Here are some records. Repeat them all exactly.

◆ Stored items
* * * *

lemma frechet_diff_at_has_real_derivative_line_0:
  assumes fd: "frechet_diff_at d f D \<beta>" and \<Delta>: "\<Delta> \<in> vecs d"
  shows "((\<lambda>s. f (\<lambda>j. \<beta> j + s * \<Delta> j)) has_real_derivative (\<Sum>j<d. D j * \<Delta> j)) (at 0)"
  unfolding has_field_derivative_iff LIM_eq
proof (intro allI impI)
  fix r :: real assume r: "r > 0"
  define S where "S = (\<Sum>j<d. D j * \<Delta> j)"
  define L where "L = l1norm d \<Delta> + 1"
  have L: "L > 0" using l1norm_nonneg[of d \<Delta>] by (simp add: L_def)
  define \<epsilon> where "\<epsilon> = r / (2 * L)"
  have \<epsilon>: "\<epsilon> > 0" using r L by (simp add: \<epsilon>_def)
  obtain \<delta> where \<delta>: "\<delta> > 0" and incr: "\<And>h. h \<in> vecs d \<Longrightarrow> l1norm d h < \<delta> \<Longrightarrow>
      \<bar>f (\<lambda>j. \<beta> j + h j) - f \<beta> - (\<Sum>j<d. D j * h j)\<bar> \<le> \<epsilon> * l1norm d h"
    using fd \<epsilon> unfolding frechet_diff_at_def by blast
  show "\<exists>s>0. \<forall>y. y \<noteq> 0 \<and> norm (y - 0) < s \<longrightarrow>
      norm ((f (\<lambda>j. \<beta> j + y * \<Delta> j) - f (\<lambda>j. \<beta> j + 0 * \<Delta> j)) / (y - 0) - S) < r"
  proof (intro exI[of _ "\<delta> / L"] conjI allI impI)
    show "\<delta> / L > 0" using \<delta> L by simp
    fix y :: real assume y: "y \<noteq> 0 \<and> norm (y - 0) < \<delta> / L"
    define F where "F = f (\<lambda>j. \<beta> j + y * \<Delta> j) - f \<beta>"
    have l1: "l1norm d (\<lambda>j. y * \<Delta> j) = \<bar>y\<bar> * (L - 1)"
      unfolding l1norm_def L_def by (simp add: abs_mult sum_distrib_left)
    have "\<bar>y\<bar> * L < \<delta>"
      using y L by (simp add: pos_less_divide_eq)
    then have "l1norm d (\<lambda>j. y * \<Delta> j) < \<delta>"
      unfolding l1 using abs_ge_zero[of y] by (simp add: right_diff_distrib)
    moreover have "(\<lambda>j. y * \<Delta> j) \<in> vecs d" using \<Delta> by (simp add: vecs_def)
    moreover have "(\<Sum>j<d. D j * (y * \<Delta> j)) = y * S"
      by (simp add: S_def sum_distrib_left ac_simps)
    ultimately have "\<bar>F - y * S\<bar> \<le> \<epsilon> * (\<bar>y\<bar> * (L - 1))"
      using incr[of "\<lambda>j. y * \<Delta> j"] l1 by (simp add: F_def)
    also have "\<dots> \<le> \<epsilon> * (\<bar>y\<bar> * L)"
      using \<epsilon> by (intro mult_left_mono) auto
    also have "\<dots> = r / 2 * \<bar>y\<bar>"
      using L by (simp add: \<epsilon>_def)
    also have "\<dots> < r * \<bar>y\<bar>"
      using r y by simp
    finally have "\<bar>F - y * S\<bar> / \<bar>y\<bar> < r"
      using y by (simp add: divide_less_eq)
    moreover have "F / y - S = (F - y * S) / y"
      using y by (simp add: diff_divide_distrib)
    ultimately show "norm ((f (\<lambda>j. \<beta> j + y * \<Delta> j) - f (\<lambda>j. \<beta> j + 0 * \<Delta> j)) / (y - 0) - S) < r"
      by (simp add: F_def abs_divide)
  qed
qed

* * * *

◆ Expected output
lemma frechet_diff_at_has_real_derivative_line_0:
  assumes fd: "frechet_diff_at d f D \<beta>" and \<Delta>: "\<Delta> \<in> vecs d"
  shows "((\<lambda>s. f (\<lambda>j. \<beta> j + s * \<Delta> j)) has_real_derivative (\<Sum>j<d. D j * \<Delta> j)) (at 0)"
  unfolding has_field_derivative_iff LIM_eq
proof (intro allI impI)
  fix r :: real assume r: "r > 0"
  define S where "S = (\<Sum>j<d. D j * \<Delta> j)"
  define L where "L = l1norm d \<Delta> + 1"
  have L: "L > 0" using l1norm_nonneg[of d \<Delta>] by (simp add: L_def)
  define \<epsilon> where "\<epsilon> = r / (2 * L)"
  have \<epsilon>: "\<epsilon> > 0" using r L by (simp add: \<epsilon>_def)
  obtain \<delta> where \<delta>: "\<delta> > 0" and incr: "\<And>h. h \<in> vecs d \<Longrightarrow> l1norm d h < \<delta> \<Longrightarrow>
      \<bar>f (\<lambda>j. \<beta> j + h j) - f \<beta> - (\<Sum>j<d. D j * h j)\<bar> \<le> \<epsilon> * l1norm d h"
    using fd \<epsilon> unfolding frechet_diff_at_def by blast
  show "\<exists>s>0. \<forall>y. y \<noteq> 0 \<and> norm (y - 0) < s \<longrightarrow>
      norm ((f (\<lambda>j. \<beta> j + y * \<Delta> j) - f (\<lambda>j. \<beta> j + 0 * \<Delta> j)) / (y - 0) - S) < r"
  proof (intro exI[of _ "\<delta> / L"] conjI allI impI)
    show "\<delta> / L > 0" using \<delta> L by simp
    fix y :: real assume y: "y \<noteq> 0 \<and> norm (y - 0) < \<delta> / L"
    define F where "F = f (\<lambda>j. \<beta> j + y * \<Delta> j) - f \<beta>"
    have l1: "l1norm d (\<lambda>j. y * \<Delta> j) = \<bar>y\<bar> * (L - 1)"
      unfolding l1norm_def L_def by (simp add: abs_mult sum_distrib_left)
    have "\<bar>y\<bar> * L < \<delta>"
      using y L by (simp add: pos_less_divide_eq)
    then have "l1norm d (\<lambda>j. y * \<Delta> j) < \<delta>"
      unfolding l1 using abs_ge_zero[of y] by (simp add: right_diff_distrib)
    moreover have "(\<lambda>j. y * \<Delta> j) \<in> vecs d" using \<Delta> by (simp add: vecs_def)
    moreover have "(\<Sum>j<d. D j * (y * \<Delta> j)) = y * S"
      by (simp add: S_def sum_distrib_left ac_simps)
    ultimately have "\<bar>F - y * S\<bar> \<le> \<epsilon> * (\<bar>y\<bar> * (L - 1))"
      using incr[of "\<lambda>j. y * \<Delta> j"] l1 by (simp add: F_def)
    also have "\<dots> \<le> \<epsilon> * (\<bar>y\<bar> * L)"
      using \<epsilon> by (intro mult_left_mono) auto
    also have "\<dots> = r / 2 * \<bar>y\<bar>"
      using L by (simp add: \<epsilon>_def)
    also have "\<dots> < r * \<bar>y\<bar>"
      using r y by simp
    finally have "\<bar>F - y * S\<bar> / \<bar>y\<bar> < r"
      using y by (simp add: divide_less_eq)
    moreover have "F / y - S = (F - y * S) / y"
      using y by (simp add: diff_divide_distrib)
    ultimately show "norm ((f (\<lambda>j. \<beta> j + y * \<Delta> j) - f (\<lambda>j. \<beta> j + 0 * \<Delta> j)) / (y - 0) - S) < r"
      by (simp add: F_def abs_divide)
  qed
qed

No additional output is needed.